On Dec 22, 2020, at 11:44 AM, Andrea Arcangeli aarcange@redhat.com wrote:
On Mon, Dec 21, 2020 at 02:55:12PM -0800, Nadav Amit wrote:
wouldn’t mmap_write_downgrade() be executed before mprotect_fixup() (so
I assume you mean "in" mprotect_fixup, after change_protection.
If you would downgrade the mmap_lock to read there, then it'd severely slowdown the non contention case, if there's more than vma that needs change_protection.
You'd need to throw away the prev->vm_next info and you'd need to do a new find_vma after droping the mmap_lock for reading and re-taking the mmap_lock for writing at every iteration of the loop.
To do less harm to the non-contention case you could perhaps walk vma->vm_next and check if it's outside the mprotect range and only downgrade in such case. So let's assume we intend to optimize with mmap_write_downgrade only the last vma.
…
I read in detail your response and you make great points. To be fair, I did not think it through and just tried to make a point that not taking mmap_lock for write is an unrelated optimization.
So you make a great point that it is actually related and can only(?) benefit uffd and arguably soft-dirty, to which I am going to add mmap_write_lock().

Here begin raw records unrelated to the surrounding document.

(* Let $k$ be a positive integer and let $G$ be a finite graph whose vertex set is partitioned into cliques $V_1,\ldots,V_r$. Suppose that for every $i \in \{1,\ldots,r\}$ and every $v \in V_i$, the number of neighbours of $v$ outside $V_i$ is at most $\min\{k, |V_i|-k\}$. Then $G$ contains a stable set of size $r$.
   Context: A stable set is a set of pairwise non-adjacent vertices. *)

theory Defs
  imports Main
begin

definition simple_graph :: "'a set \<Rightarrow> ('a \<Rightarrow> 'a \<Rightarrow> bool) \<Rightarrow> bool" where
  "simple_graph V E \<longleftrightarrow> finite V \<and> (\<forall>u v. E u v \<longrightarrow> E v u)
     \<and> (\<forall>v. \<not> E v v) \<and> (\<forall>u v. E u v \<longrightarrow> u \<in> V \<and> v \<in> V)"

definition is_clique :: "('a \<Rightarrow> 'a \<Rightarrow> bool) \<Rightarrow> 'a set \<Rightarrow> bool" where
  "is_clique E C \<longleftrightarrow> (\<forall>u\<in>C. \<forall>v\<in>C. u \<noteq> v \<longrightarrow> E u v)"

definition stable_set :: "('a \<Rightarrow> 'a \<Rightarrow> bool) \<Rightarrow> 'a set \<Rightarrow> bool" where
  "stable_set E S \<longleftrightarrow> (\<forall>u\<in>S. \<forall>v\<in>S. \<not> E u v)"

definition nbrs_outside :: "'a set \<Rightarrow> ('a \<Rightarrow> 'a \<Rightarrow> bool) \<Rightarrow> 'a \<Rightarrow> 'a set \<Rightarrow> 'a set" where
  "nbrs_outside V E v A = {u \<in> V - A. E v u}"

end

theory Submission imports Defs begin

text \<open>We pick one vertex from each part, so only edges between different parts matter; the argument is Haxell's alternating tree.
Suppose a stable choice \<open>m\<close> on a set \<open>I\<close> of parts cannot be extended to a further root
part. Grow pairs \<open>(y\<^sub>1, a\<^sub>1), \<dots>, (y\<^sub>t, a\<^sub>t)\<close> where \<open>y\<^sub>i\<close> lies in the root part or in one of
\<open>a\<^sub>1, \<dots>, a\<^sub>i\<^sub>-\<^sub>1\<close>, has no cross edge to the earlier \<open>y\<^sub>j\<close> and \<open>m a\<^sub>j\<close>, but is
cross-adjacent to \<open>m a\<^sub>i\<close>. The parts of this tree contain \<open>|V\<^sub>r\<^sub>t| + \<Sum> |V\<^sub>a\<^sub>i|\<close> vertices,
whereas at most \<open>\<Sum> (k + (|V\<^sub>a\<^sub>i| - k))\<close> vertices have a cross edge to some \<open>y\<^sub>i\<close> or
\<open>m a\<^sub>i\<close>, so some tree vertex \<open>z\<close> is free. If \<open>z\<close> sees a chosen vertex the tree grows;
otherwise \<open>z\<close> extends \<open>m\<close> (impossible) or replaces \<open>m a\<^sub>j\<close>, which lowers the number of
chosen neighbours of \<open>y\<^sub>j\<close>. These numbers cannot decrease lexicographically forever.\<close>

lemma lex_less_thanI:
  "length xs = length ys \<Longrightarrow> p < length xs \<Longrightarrow> (\<forall>i<p. xs!i \<le> ys!i) \<Longrightarrow> xs!p < (ys!p :: nat)
   \<Longrightarrow> (xs, ys) \<in> lex less_than"
proof (induction xs arbitrary: ys p)
  case Nil
  then show ?case by simp
next
  case (Cons x xs)
  then obtain y ys' where ys: "ys = y # ys'" by (cases ys) auto
  show ?case
  proof (cases p)
    case 0
    then show ?thesis using Cons.prems ys by simp
  next
    case (Suc p')
    have "x \<le> y" using Cons.prems ys Suc by force
    moreover have "x = y \<Longrightarrow> (xs, ys') \<in> lex less_than"
      using Cons.prems ys Suc by (intro Cons.IH[of ys' p']) (auto simp: less_Suc_eq_0_disj)
    ultimately show ?thesis using ys Cons.prems(1) by (cases "x = y") auto
  qed
qed

locale cross_bounded_partition =
  fixes V :: "'a set" and E :: "'a \<Rightarrow> 'a \<Rightarrow> bool"
    and P :: "nat \<Rightarrow> 'a set" and k r :: nat
  assumes graph: "simple_graph V E"
    and parts_subset: "\<And>i. i < r \<Longrightarrow> P i \<subseteq> V"
    and parts_nonempty: "\<And>i. i < r \<Longrightarrow> P i \<noteq> {}"
    and parts_disjoint: "\<And>i j. i < r \<Longrightarrow> j < r \<Longrightarrow> i \<noteq> j \<Longrightarrow> P i \<inter> P j = {}"
    and degree: "\<And>i v. i < r \<Longrightarrow> v \<in> P i \<Longrightarrow>
      card (nbrs_outside V E v (P i)) \<le> k \<and> card (nbrs_outside V E v (P i)) + k \<le> card (P i)"
begin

Yet, my confidence in doing the optimization that you suggested (keep using mmap_read_lock()) as part of the bug fix is very low and just got lower since we discussed. So I do want in the future to try to avoid the overheads I introduce (sorry), but it requires a systematic solution and some thought.
Perhaps any change to PTE in a page-table should increase a page-table generation that we would save in the page-table page-struct (next to the PTL) and pte_same() would also look at the original and updated "page-table generation” when it checks if a PTE changed. So if a PTE went through not-writable -> writable -> not-writable cycle without a TLB flush this can go detected. Yet, there is still a question of how to detect pending TLB flushes in finer granularity to avoid frequent unwarranted TLB flushes while a TLB flush is pending.
It all requires some thought, and the fact that soft-dirty appears to be broken too indicates that bugs can get unnoticed for some time.
Sorry for being a chicken, but I prefer to be safe than sorry.